Biden revives the two-state solution for Israel and Palestine, but is he serious?

The president of the United States, Joe Biden.

For decades, the United States has defended, with greater or lesser effort, the two-state solution to the conflict between Israel and Palestine. In the wake of the Gaza war, President Joe Biden has revived the idea, but is he serious about this commitment?

A two-state path is required with real security guarantees for Israel,” reiterated US Secretary of State Antony Blinken during his sixth tour of the Middle East since the Hamas attack on October 7 that led to the current Israeli offensive. over the Gaza Strip.

Before the war, the Democratic Administration of Joe Biden focused all its efforts on helping Israel seek a historic agreement to normalize relations with Saudi Arabia, but the massacre perpetrated by the Palestinian Islamist group, which caused more than 1,200 deaths, dynamited the negotiations.

The unprecedented humanitarian crisis that the Gaza Strip is now suffering, where more than 30,000 people have died due to Israeli attacks, have forced Washington to once again emphasize the need to create a Palestinian state.

Two States, a plan that always comes back

Neither the United States nor most European countries recognize the independence of the Palestinian territories, today divided between the West Bank, militarily occupied by Israel with a pseudo-autonomous government of the Palestinian National Authority, and the besieged Gaza Strip, controlled by Hamas.

But Washington’s proposal for a negotiated solution between Israelis and Palestinians to create two states that coexist in peace is not new.

Democrat Bill Clinton proposed in 2000 the creation of a Palestinian State in the so-called Clinton Parameters and Republican George W. Bush presented the Road Map for Peace in 2003 with the European Union, Russia and the United Nations to support an independent Palestine.

Obama tried it too

The Democratic Administration of Barack Obama also opted for the two-state solution, but the negotiations failed due to disagreements over Jewish settlements and the release of Palestinian prisoners, while Republican Donald Trump’s Peace Plan was rejected by Palestinian leaders because aligned with Israel’s interests.

When the Biden administration took office in 2021, it saw no benefit in trying to address this issue because it had “no reasonable prospect” of moving forward and decided to “dedicate its attention elsewhere,” analyst Michael Hanna tells TTU. from the International Crisis Group think tank.

Former United States President Barack Obama.

But the events of October 7 demonstrated that the ‘status quo’ is no longer sustainable, Hanna adds.

The State Department confirmed at the end of last January that Blinken ordered his team to analyze “several options” for the establishment of an independent Palestinian State with security guarantees for Israel, but many analysts doubt that the Biden Government can weave a successful plan in this regard.

Dim prospects

One of the biggest obstacles that has hampered prospects for a Palestinian state for decades is the fragmentation of its territory, aggravated by the construction of Israeli colonies within the West Bank.

This Friday, the Israeli Government declared 800 hectares of the Jordan Valley as state lands.
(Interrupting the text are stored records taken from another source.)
(* Let $X$ be a connected, locally connected, Hausdorff, normal, first countable topological space, $V$ a locally convex topological vector space, and $f:X\to V$ a continuous closed map that has local convexity data and is locally fiber connected. Then (i) the projection $\pi_f:X\to X_f$ is a closed map; (ii) the quotient $X_f$ is a Hausdorff space.
   Context: A subset $C\subset V$ is a cone with vertex $v_0$ if $v_0\in C$ and $(1-\lambda)v_0+\lambda v\in C$ for every $\lambda\ge 0$ and every $v\in C$, $v\ne v_0$; it is a convex cone if it is moreover convex. A continuous map $f:X\to V$ has local convexity data if for each $x\in X$ and every sufficiently small open neighborhood $U_x$ of $x$ there is a convex cone $C_x\subset V$ with vertex $f(x)$, endowed with the subspace topology from $V$, such that (VN) $f(U_x)\subset C_x$ and $f(U_x)$ is a neighborhood of $f(x)$ in $C_x$; and (SLO) $f|_{U_x}:U_x\to C_x$ is an open map, and for every neighborhood $U'_x\subset U_x$ of $x$ the set $f(U'_x)$ is a neighborhood of $f(x)$ in $C_x$. A subset $A\subset X$ satisfies condition (LFC) if for every $a\in A$, the set $A$ does not intersect two different connected components of the fiber $f^{-1}(f(a))$. The map $f$ is locally fiber connected if for every $x\in X$, every open neighborhood of $x$ contains a neighborhood $U_x$ of $x$ satisfying (LFC). Declare $x\sim y$ in $X$ iff $f(x)=f(y)$ and $x,y$ lie in the same connected component of $f^{-1}(f(x))$; $X_f:=X/\!\sim$ with the quotient topology, $\pi_f:X\to X_f$ is the projection and $\tilde f:X_f\to V$ is the unique map with $\tilde f\circ\pi_f=f$. *)

theory Defs
  imports "HOL-Analysis.Analysis"
begin

definition locally_convex_tvs :: "'v::real_vector topology \<Rightarrow> bool" where
  "locally_convex_tvs T \<longleftrightarrow>
     topspace T = UNIV \<and>
     continuous_map (prod_topology T T) T (\<lambda>(u,v). u + v) \<and>
     continuous_map (prod_topology euclideanreal T) T (\<lambda>(c,v). c *\<^sub>R v) \<and>
     Hausdorff_space T \<and>
     (\<forall>U v. openin T U \<and> v \<in> U \<longrightarrow> (\<exists>W. openin T W \<and> convex W \<and> v \<in> W \<and> W \<subseteq> U))"

definition nbhd_in :: "'a topology \<Rightarrow> 'a set \<Rightarrow> 'a \<Rightarrow> bool" where
  "nbhd_in X S x \<longleftrightarrow> S \<subseteq> topspace X \<and> (\<exists>U. openin X U \<and> x \<in> U \<and> U \<subseteq> S)"

definition is_cone :: "'v::real_vector set \<Rightarrow> 'v \<Rightarrow> bool" where
  "is_cone C v0 \<longleftrightarrow> v0 \<in> C \<and>
     (\<forall>v\<in>C. v \<noteq> v0 \<longrightarrow> (\<forall>l::real. l \<ge> 0 \<longrightarrow> (1 - l) *\<^sub>R v0 + l *\<^sub>R v \<in> C))"

definition is_convex_cone :: "'v::real_vector set \<Rightarrow> 'v \<Rightarrow> bool" where
  "is_convex_cone C v0 \<longleftrightarrow> is_cone C v0 \<and> convex C"

text \<open>Local convexity data: for every x and every sufficiently small open neighborhood U of x
  (i.e. every open U with x in U contained in some fixed open neighborhood W of x) there is a convex
  cone C with vertex f x satisfying (VN) and (SLO).\<close>
definition local_convexity_data :: "'a topology \<Rightarrow> 'v::real_vector topology \<Rightarrow> ('a \<Rightarrow> 'v) \<Rightarrow> bool" where
  "local_convexity_data X T f \<longleftrightarrow>
     (\<forall>x\<in>topspace X. \<exists>W. openin X W \<and> x \<in> W \<and>
        (\<forall>U. openin X U \<and> x \<in> U \<and> U \<subseteq> W \<longrightarrow>
           (\<exists>C. is_convex_cone C (f x) \<and>
                f ` U \<subseteq> C \<and> nbhd_in (subtopology T C) (f ` U) (f x) \<and>
                open_map (subtopology X U) (subtopology T C) f \<and>
                (\<forall>U'. nbhd_in X U' x \<and> U' \<subseteq> U \<longrightarrow> nbhd_in (subtopology T C) (f ` U') (f x)))))"

definition fiber :: "'a topology \<Rightarrow> ('a \<Rightarrow> 'v) \<Rightarrow> 'a \<Rightarrow> 'a set" where
  "fiber X f a = {y \<in> topspace X. f y = f a}"

definition LFC :: "'a topology \<Rightarrow> ('a \<Rightarrow> 'v) \<Rightarrow> 'a set \<Rightarrow> bool" where
  "LFC X f A \<longleftrightarrow>
     (\<forall>a\<in>A. \<not> (\<exists>K1 K2. K1 \<in> connected_components_of (subtopology X (fiber X f a)) \<and>
                        K2 \<in> connected_components_of (subtopology X (fiber X f a)) \<and>
                        K1 \<noteq> K2 \<and> A \<inter> K1 \<noteq> {} \<and> A \<inter> K2 \<noteq> {}))"

definition locally_fiber_connected :: "'a topology \<Rightarrow> ('a \<Rightarrow> 'v) \<Rightarrow> bool" where
  "locally_fiber_connected X f \<longleftrightarrow>
     (\<forall>x\<in>topspace X. \<forall>N. openin X N \<and> x \<in> N \<longrightarrow>
        (\<exists>U. nbhd_in X U x \<and> U \<subseteq> N \<and> LFC X f U))"

definition fib_rel :: "'a topology \<Rightarrow> ('a \<Rightarrow> 'v) \<Rightarrow> 'a \<Rightarrow> 'a \<Rightarrow> bool" where
  "fib_rel X f x y \<longleftrightarrow> f x = f y \<and> connected_component_of (subtopology X (fiber X f x)) x y"

definition proj_f :: "'a topology \<Rightarrow> ('a \<Rightarrow> 'v) \<Rightarrow> 'a \<Rightarrow> 'a set" where
  "proj_f X f x = {y. fib_rel X f x y}"

definition quot_f :: "'a topology \<Rightarrow> ('a \<Rightarrow> 'v) \<Rightarrow> 'a set topology" where
  "quot_f X f = topology (\<lambda>S. S \<subseteq> proj_f X f ` topspace X \<and> openin X (\<Union>S))"

end

(* The classes of ~ are the connected components of the closed fibres, and (LFC) makes each of
   them open in its fibre. So if the class K of x misses a closed set A, then K and A \<union> (F - K),
   F the fibre of x, are disjoint closed sets; normality separates them by open sets U and W,
   and since f is closed the cover U \<union> W of F contains a tube f^-1(N) around F. A class meeting
   U \<inter> f^-1(N) is connected, lies in U \<union> W and meets U, so it lies in U and misses A.
   Hence saturations of closed sets are closed, i.e. \<pi>_f is a closed map, and as a closed
   continuous surjection it maps the normal Hausdorff space X onto a Hausdorff space. *)

theory Submission
  imports Defs
begin

lemma quotient_map_final_topology:
  "quotient_map X (topology (\<lambda>S. S \<subseteq> p ` topspace X \<and> openin X {x \<in> topspace X. p x \<in> S})) p"
proof -
  let ?Q = "topology (\<lambda>S. S \<subseteq> p ` topspace X \<and> openin X {x \<in> topspace X. p x \<in> S})"
  have "istopology (\<lambda>S. S \<subseteq> p ` topspace X \<and> openin X {x \<in> topspace X. p x \<in> S})"
  proof -
    have "{x \<in> topspace X. p x \<in> S \<inter> S'} = {x \<in> topspace X. p x \<in> S} \<inter> {x \<in> topspace X. p x \<in> S'}"
      for S S' by blast
    moreover have "{x \<in> topspace X. p x \<in> \<Union>K} = (\<Union>S\<in>K. {x \<in> topspace X. p x \<in> S})" for K
      by blast
    ultimately show ?thesis
      unfolding istopology_def by auto
  qed
  then have openin_Q: "openin ?Q S \<longleftrightarrow> S \<subseteq> p ` topspace X \<and> openin X {x \<in> topspace X. p x \<in> S}"
    for S by simp
  have "topspace ?Q = p ` topspace X"
  proof
    show "topspace ?Q \<subseteq> p ` topspace X"
      using openin_Q openin_topspace by blast
    have "{x \<in> topspace X. p x \<in> p ` topspace X} = topspace X"
      by blast
    then have "openin ?Q (p ` topspace X)"
      unfolding openin_Q by simp
    then show "p ` topspace X \<subseteq> topspace ?Q"
      by (rule openin_subset)
  qed
  then show ?thesis
    unfolding quotient_map_def using openin_Q by auto
qed

lemma proj_f_eq_connected_component:
  "proj_f X f x = connected_component_of_set (subtopology X (fiber X f x)) x"
  unfolding proj_f_def fib_rel_def
  by (auto dest: connected_component_in_topspace simp: fiber_def)

lemma proj_f_subset_fiber: "proj_f X f x \<subseteq> fiber X f x"
  unfolding proj_f_eq_connected_component by (auto dest: connected_component_in_topspace)

lemma fiber_subset_topspace: "fiber X f x \<subseteq> topspace X"
  by (auto simp: fiber_def)

lemma proj_f_subset_topspace: "proj_f X f x \<subseteq> topspace X"
  using proj_f_subset_fiber fiber_subset_topspace by (rule order_trans)

lemma mem_proj_f_self: "x \<in> topspace X \<Longrightarrow> x \<in> proj_f X f x"
  unfolding proj_f_eq_connected_component by (simp add: connected_component_of_refl fiber_def)

lemma proj_f_eq_of_mem:
  assumes "y \<in> proj_f X f x"
  shows "proj_f X f y = proj_f X f x"
proof -
  have same_fiber: "fiber X f y = fiber X f x"
    using assms proj_f_subset_fiber by (fastforce simp: fiber_def)
  from assms have "connected_component_of (subtopology X (fiber X f x)) x y"
    unfolding proj_f_eq_connected_component by simp
  then have "connected_component_of (subtopology X (fiber X f x)) x =
             connected_component_of (subtopology X (fiber X f x)) y"
    using connected_component_of_equiv by metis
  then show ?thesis
    unfolding proj_f_eq_connected_component same_fiber by simp
qed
It is the largest expanse of Palestinian land designated for Israeli settlement construction in decades.

The news coincided with Blinken’s visit to Israel. He condemned the land grabs because they “make the already challenging two-state prospect even more complicated.”

But it does not seem that it will convince the Government of Prime Minister Benjamin Netanyahu, the most right-wing in the history of Israel and another of the great obstacles to the creation of a Palestinian State.
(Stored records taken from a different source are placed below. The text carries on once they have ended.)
(* Removing finitely many terms does not change how often a value t occurs in the sequence once
   t exceeds every removed term; and t occurs in the Ekeland-Hofer sequence of E(a) as often as
   there are indices i with t in pi a_i N. So these counts agree for a and b for all large t.
   If the multisets {a_i} and {b_i} differed, let x be the least value with different
   multiplicities and take t = p x pi for a large prime p such that p x is a multiple of no larger
   a_i or b_i (each of the finitely many larger values rules out at most one prime). Then only
   the values below x, whose multiplicities agree, and x itself contribute to the count at t,
   a contradiction. Equal multisets with sorted enumerations give a = b. *)

lemma exists_mono_enumeration:
  fixes I :: "'a::linorder set" and v :: "'a \<Rightarrow> 'b::linorder"
  assumes "infinite I" and "\<And>t. finite {p\<in>I. v p \<le> t}"
  obtains \<beta> where "bij_betw \<beta> {1::nat..} I" and "mono_on {1..} (\<lambda>k. v (\<beta> k))"
proof -
  \<comment> \<open>Rank p by the number of elements preceding it in the lexicographic order of (v p, p);
     the order of 'a only breaks ties of v.\<close>
  define below where "below p = {q\<in>I. (v q, q) < (v p, p)}" for p
  define rk where "rk p = card (below p)" for p
  have finite_below: "finite (below p)" for p
    by (rule finite_subset[OF _ assms(2)[of "v p"]]) (auto simp: below_def)
  have rk_less: "rk q < rk p" if "q \<in> I" "(v q, q) < (v p, p)" for p q
    unfolding rk_def using that finite_below
    by (intro psubset_card_mono) (auto simp: below_def intro: less_trans)
  have inj: "inj_on rk I"
    by (rule inj_onI, rule ccontr) (metis less_irrefl neq_iff prod.inject rk_less)
  have rk_below: "rk ` below p = {..<rk p}" for p
  proof (rule card_subset_eq)
    show "rk ` below p \<subseteq> {..<rk p}"
      using rk_less by (auto simp: below_def)
    show "card (rk ` below p) = card {..<rk p}"
      using inj_on_subset[OF inj, of "below p"] by (auto simp: card_image below_def rk_def[of p])
  qed simp
  have rk_surj: "k \<in> rk ` I" for k
  proof -
    have "infinite (rk ` I)"
      using inj assms(1) finite_imageD by blast
    then have "\<exists>p\<in>I. k < rk p"
      using finite_nat_set_iff_bounded_le[of "rk ` I"] by (auto simp: not_le)
    then obtain p where "p \<in> I" "k < rk p" ..
    then have "k \<in> rk ` below p"
      using rk_below by simp
    moreover have "below p \<subseteq> I"
      by (auto simp: below_def)
    ultimately show ?thesis
      by blast
  qed
  define \<beta> where "\<beta> k = inv_into I rk (k - 1)" for k
  have rk_\<beta>: "rk (\<beta> k) = k - 1" and \<beta>_in: "\<beta> k \<in> I" for k
    unfolding \<beta>_def using rk_surj by (auto simp: f_inv_into_f inv_into_into)
  have "bij_betw \<beta> {1..} I"
  proof (rule bij_betw_byWitness[where f' = "\<lambda>p. Suc (rk p)"])
    show "\<forall>k\<in>{1..}. Suc (rk (\<beta> k)) = k"
      using rk_\<beta> by simp
    show "\<forall>p\<in>I. \<beta> (Suc (rk p)) = p"
      using inj by (simp add: \<beta>_def)
  qed (use \<beta>_in in auto)
  moreover have "mono_on {1..} (\<lambda>k. v (\<beta> k))"
  proof (rule mono_onI, rule ccontr)
    fix r s :: nat
    assume "r \<in> {1..}" "s \<in> {1..}" "r \<le> s" "\<not> v (\<beta> r) \<le> v (\<beta> s)"
    then have "rk (\<beta> s) < rk (\<beta> r)"
      using rk_less[of "\<beta> s" "\<beta> r"] \<beta>_in by (simp add: not_le)
    then show False
      using \<open>r \<in> {1..}\<close> \<open>r \<le> s\<close> by (simp add: rk_\<beta>)
  qed
  ultimately show ?thesis
    using that by blast
qed

lemma finite_nat_multiples_le:
  fixes c t :: real
  assumes "0 < c"
  shows "finite {m::nat. real m * c \<le> t}"
proof (rule finite_subset)
  show "{m::nat. real m * c \<le> t} \<subseteq> {..nat \<lceil>t / c\<rceil>}"
  proof
    fix m
    assume "m \<in> {m. real m * c \<le> t}"
    then have "real m \<le> t / c"
      using assms by (simp add: le_divide_eq)
    also have "\<dots> \<le> real (nat \<lceil>t / c\<rceil>)"
      by (rule real_nat_ceiling_ge)
    finally show "m \<in> {..nat \<lceil>t / c\<rceil>}"
      by simp
  qed
qed simp

lemma is_EH_listing_cEH:
  assumes "n \<ge> 1" and "\<forall>i\<in>{1..n}. 0 < a i"
  shows "is_EH_listing n a (cEH n a)"
proof -
  define v where "v p = real (fst p) * a (snd p) * pi" for p :: "nat \<times> nat"
  have "infinite (EH_index n)"
  proof
    assume "finite (EH_index n)"
    moreover have "(\<lambda>m. (m, 1)) ` {1..} \<subseteq> EH_index n"
      using assms(1) by (auto simp: EH_index_def)
    ultimately have "finite ((\<lambda>m::nat. (m, 1::nat)) ` {1..})"
      by (rule finite_subset[rotated])
    then show False
      using infinite_Ici[of "1::nat"] by (simp add: finite_image_iff inj_on_def)
  qed
  moreover have "finite {p\<in>EH_index n. v p \<le> t}" for t
  proof (rule finite_subset)
    show "{p\<in>EH_index n. v p \<le> t} \<subseteq> (\<Union>i\<in>{1..n}. {m. real m * (a i * pi) \<le> t} \<times> {i})"
      by (force simp: EH_index_def v_def mult.assoc)
    show "finite (\<Union>i\<in>{1..n}. {m. real m * (a i * pi) \<le> t} \<times> {i})"
      using assms(2) by (auto intro!: finite_nat_multiples_le)
  qed
  ultimately obtain \<beta> where "bij_betw \<beta> {1::nat..} (EH_index n)" and "mono_on {1..} (\<lambda>k. v (\<beta> k))"
    by (rule exists_mono_enumeration)
  then have "is_EH_listing n a (\<lambda>k. v (\<beta> k))"
    by (auto simp: is_EH_listing_def v_def)
  then show ?thesis
    unfolding cEH_def by (rule someI[where P = "is_EH_listing n a"])
qed

definition multiple_count :: "real multiset \<Rightarrow> real \<Rightarrow> nat" where
  "multiple_count A t = size {# y \<in># A. \<exists>k::nat \<ge> 1. real k * y = t #}"

lemma card_level_set_EH_listing:
  assumes "is_EH_listing n a \<delta>" and "\<forall>i\<in>{1..n}. a i \<noteq> 0"
  shows "card {k. 1 \<le> k \<and> \<delta> k = t} = multiple_count (image_mset a (mset_set {1..n})) (t / pi)"
proof -
  define v where "v p = real (fst p) * a (snd p) * pi" for p
  obtain \<beta> where bij: "bij_betw \<beta> {1..} (EH_index n)" and \<delta>_eq: "\<forall>k\<ge>1. \<delta> k = v (\<beta> k)"
    using assms(1) unfolding is_EH_listing_def v_def by blast
  define Q where "Q = {p \<in> EH_index n. v p = t}"
  have "{k. 1 \<le> k \<and> \<delta> k = t} = {k \<in> {1..}. v (\<beta> k) = t}"
    using \<delta>_eq by auto
  then have "\<beta> ` {k. 1 \<le> k \<and> \<delta> k = t} = {p \<in> \<beta> ` {1..}. v p = t}"
    by auto
  also have "\<dots> = Q"
    using bij_betw_imp_surj_on[OF bij] by (simp add: Q_def)
  finally have image_eq: "\<beta> ` {k. 1 \<le> k \<and> \<delta> k = t} = Q" .
  have "inj_on \<beta> {k. 1 \<le> k \<and> \<delta> k = t}"
    using bij_betw_imp_inj_on[OF bij] by (rule inj_on_subset) auto
  then have "card {k. 1 \<le> k \<and> \<delta> k = t} = card Q"
    unfolding image_eq[symmetric] by (rule card_image[symmetric])
  also have "\<dots> = card (snd ` Q)"
  proof (rule card_image[symmetric], rule inj_onI)
    fix p q
    assume "p \<in> Q" "q \<in> Q" "snd p = snd q"
    then have "real (fst p) * a (snd p) * pi = real (fst q) * a (snd p) * pi"
      by (simp add: Q_def v_def)
    moreover from \<open>p \<in> Q\<close> have "a (snd p) \<noteq> 0"
      using assms(2) by (auto simp: Q_def EH_index_def)
    ultimately show "p = q"
      using \<open>snd p = snd q\<close> by (simp add: prod_eq_iff)
  qed
  also have "snd ` Q = {i \<in> {1..n}. \<exists>m::nat \<ge> 1. v (m, i) = t}"
  proof (intro equalityI subsetI)
    fix i
    assume "i \<in> snd ` Q"
    then show "i \<in> {i \<in> {1..n}. \<exists>m::nat \<ge> 1. v (m, i) = t}"
      by (auto simp: Q_def EH_index_def)
  next
    fix i
    assume "i \<in> {i \<in> {1..n}. \<exists>m::nat \<ge> 1. v (m, i) = t}"
    then obtain m where "(m, i) \<in> Q"
      by (auto simp: Q_def EH_index_def)
    then show "i \<in> snd ` Q"
      by (rule rev_image_eqI) simp
  qed
  finally show ?thesis
    by (simp add: multiple_count_def filter_mset_image_mset v_def eq_divide_eq)
qed

lemma card_level_set_eq_if_obtained_by_removing:
  assumes "obtained_by_removing_at_most N \<delta> d"
  obtains T where "\<And>t. T < t \<Longrightarrow> card {k. 1 \<le> k \<and> d k = t} = card {j. 1 \<le> j \<and> \<delta> j = t}"
proof -
  obtain S \<sigma> where "finite S" and \<sigma>_mono: "strict_mono_on {1..} \<sigma>"
    and \<sigma>_image: "\<sigma> ` {1..} = {1..} - S" and d_eq: "\<forall>k\<ge>1. d k = \<delta> (\<sigma> k)"
    using assms unfolding obtained_by_removing_at_most_def by blast
  define T where "T = Max (insert 0 (\<delta> ` S))"
  have "card {k. 1 \<le> k \<and> d k = t} = card {j. 1 \<le> j \<and> \<delta> j = t}" if "T < t" for t
  proof -
    have removed_below: "\<delta> j < t" if "j \<in> S" for j
    proof -
      have "\<delta> j \<le> T"
        unfolding T_def using \<open>finite S\<close> that by (intro Max_ge) auto
      then show ?thesis
        using \<open>T < t\<close> by simp
    qed
    have image_eq: "\<sigma> ` {k. 1 \<le> k \<and> d k = t} = {j. 1 \<le> j \<and> \<delta> j = t}"
    proof (intro equalityI subsetI)
      fix j
      assume "j \<in> \<sigma> ` {k. 1 \<le> k \<and> d k = t}"
      then obtain k where "1 \<le> k" "d k = t" "j = \<sigma> k"
        by blast
      moreover have "\<sigma> k \<in> {1..} - S"
        using \<sigma>_image \<open>1 \<le> k\<close> by blast
      ultimately show "j \<in> {j. 1 \<le> j \<and> \<delta> j = t}"
        using d_eq by simp
    next
      fix j
      assume j: "j \<in> {j. 1 \<le> j \<and> \<delta> j = t}"
      then have "j \<in> \<sigma> ` {1..}"
        using \<sigma>_image removed_below by force
      then obtain k where "1 \<le> k" "j = \<sigma> k"
        by auto
      then show "j \<in> \<sigma> ` {k. 1 \<le> k \<and> d k = t}"
        using j d_eq by auto
    qed
    have "inj_on \<sigma> {k. 1 \<le> k \<and> d k = t}"
      using strict_mono_on_imp_inj_on[OF \<sigma>_mono] by (rule inj_on_subset) auto
    then show ?thesis
      unfolding image_eq[symmetric] by (rule card_image[symmetric])
  qed
  then show ?thesis
    using that by blast
qed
Netanyahu opposes the idea of ​​two states. He intends to continue the offensive on Gaza until the total eradication of Hamas. He has designed a post-war scenario in which the Israeli Army would man a security perimeter around the enclave.

Therefore, for Lidna Robinson, an expert at the Council on Foreign Relations, the only possible path to a two-state solution would be through a change of government in Israel and for the Biden Administration to take the issue seriously by increasing the “pressure.” about the Jewish State.

Time is ticking and a victory for Trump in the November presidential elections would once again bury the idea of ​​the two states.